New tools for quantitative non-invasive recording of biochemical signals

ABSTRACT Chimeric antigen receptor (CAR) T-cells are a revolutionary cancer treatment, with the particular benefit of generating memory T-cells that can last for years and suppress cancer relapse. CAR-expressing CD8+ T-cells have been shown to cure leukemia and other cancers in clinical trials with great success. However, many

challenges remain before CAR-based immunotherapy can become widely adopted, particularly for solid tumors. A major problem is that CAR T-cells become “exhausted” or “dysfunctional” and display decreased therapeutic effectiveness when subjected to prolonged antigen stimulation in the tumor microenvironment. Elevated cytosolic

calcium is associated with T-cell activation, and as such, calcium signaling activity can be used as a quantitative measure of T-cell function or dysfunction. The history of calcium signaling over short and long periods of time encodes information about the current functional capacity of the T-cell and the number of tumor cells encountered

in the past, and can be used both to evaluate populations or individual clones and to select for clones resistant to exhaustion. However, imaging calcium signaling activity in vivo using traditional genetically encoded fluorescent indicators presents unique challenges with T-cells and other highly mobile cell types, especially

when medium- to long-term activity tracking is required.

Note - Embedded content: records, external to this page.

lemma nn_integral_maxQ_nn_square_le:
  fixes Q :: "(real^'n) set"
  assumes Q: "is_cube Q" and g[measurable]: "g \<in> borel_measurable lebesgue"
  shows "(\<integral>\<^sup>+x\<in>Q. (maxQ_nn Q g x)^2 \<partial>lebesgue)
     \<le> ennreal (32 * (10 * real CARD('n)) ^ CARD('n)) * (\<integral>\<^sup>+x\<in>Q. (g x)^2 \<partial>lebesgue)"
proof -
  let ?K = "(10 * real CARD('n)) ^ CARD('n)"
  let ?M = "lebesgue_on Q"
  have [measurable]: "Q \<in> sets lebesgue" using sets_lebesgue_cube[OF Q] .
  interpret M: finite_measure ?M using finite_measure_lebesgue_on_cube[OF Q] .
  interpret P: pair_sigma_finite ?M lborel
    by (simp add: pair_sigma_finite_def M.sigma_finite_measure_axioms lborel.sigma_finite_measure_axioms)
  have [measurable]: "maxQ_nn Q g \<in> borel_measurable ?M" "g \<in> borel_measurable ?M"
    using borel_measurable_maxQ_nn[OF Q] g by (auto intro: measurable_restrict_space1)
  have "(\<integral>\<^sup>+x\<in>Q. (maxQ_nn Q g x)^2 \<partial>lebesgue) = (\<integral>\<^sup>+x. (maxQ_nn Q g x)^2 \<partial>?M)"
    by (simp add: nn_integral_restrict_space)
  also have "\<dots> \<le> (\<integral>\<^sup>+x. (\<integral>\<^sup>+s. (if 0 < s \<and> ennreal (2 * s) \<le> maxQ_nn Q g x
      then ennreal (8 * s) else 0) \<partial>lborel) \<partial>?M)"
    by (intro nn_integral_mono square_le_nn_integral_layers)
  also have "\<dots> = (\<integral>\<^sup>+s. (\<integral>\<^sup>+x. (if 0 < s \<and> ennreal (2 * s) \<le> maxQ_nn Q g x
      then ennreal (8 * s) else 0) \<partial>?M) \<partial>lborel)"
    by (rule P.Fubini'[symmetric]) measurable
  also have "\<dots> \<le> (\<integral>\<^sup>+s. (\<integral>\<^sup>+x. (if 0 < s then ennreal (16 * ?K) *
      (if ennreal (s / 2) < g x then g x else 0) else 0) \<partial>?M) \<partial>lborel)"
    (is "(\<integral>\<^sup>+s. ?L s \<partial>lborel) \<le> (\<integral>\<^sup>+s. ?R s \<partial>lborel)")
  proof (rule nn_integral_mono)
    fix s :: real
    show "?L s \<le> ?R s"
      using nn_integral_maxQ_nn_level_le[OF Q g, of s] by (cases "0 < s") simp_all
  qed
  also have "\<dots> = (\<integral>\<^sup>+x. (\<integral>\<^sup>+s. (if 0 < s then ennreal (16 * ?K) *
      (if ennreal (s / 2) < g x then g x else 0) else 0) \<partial>lborel) \<partial>?M)"
    by (rule P.Fubini') measurable
  also have "\<dots> \<le> (\<integral>\<^sup>+x. 2 * ennreal (16 * ?K) * (g x)^2 \<partial>?M)"
    by (intro nn_integral_mono nn_integral_truncation_le)
  also have "\<dots> = 2 * ennreal (16 * ?K) * (\<integral>\<^sup>+x\<in>Q. (g x)^2 \<partial>lebesgue)"
    by (simp add: nn_integral_cmult nn_integral_restrict_space)
  also have "2 * ennreal (16 * ?K) = ennreal (32 * ?K)"
    using ennreal_mult[of 2 "16 * ?K"] by simp
  finally show ?thesis .
qed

There is currently no facile method to image calcium signals at the single-cell level over long time periods or to track calcium activity history in such a highly mobile cell population, either in vitro or in vivo. In this project, we will use several distinct varieties of photoactive

fluorescent proteins coupled with a family of high-contrast bioluminescent calcium sensors to generate Optical Recorders for Calcium (ORCas) capable of reporting short-, medium-, and long-term calcium signaling histories in CAR T-cells upon repeated exposure to target tumor cells. We will additionally engineer the small molecule

substrates used to time-gate history recording for improved bioavailability and cell specificity, and to diversify the wavelengths of light emitted by the bioluminescent sensor domains of these probes. The engineered ORCas will ultimately be used to (1) track the exhaustion status of CAR T-cells over long periods of repeated exposure to

target tumor cells, (2) enrich exhaustion-resistant populations of CAR T-cells from CRISPR knockout libraries, and (3) quantitatively benchmark the exhaustion resistance of CAR T-cell clones. These probes will additionally be validated in CAR T-cells in vivo in a subcutaneous mouse tumor model. Ultimately, we anticipate that ORCas

will be the first of a broad new class of genetically-encoded probes capable of recording specific biochemical signal history non-invasively in many disease models and therapeutic interventions.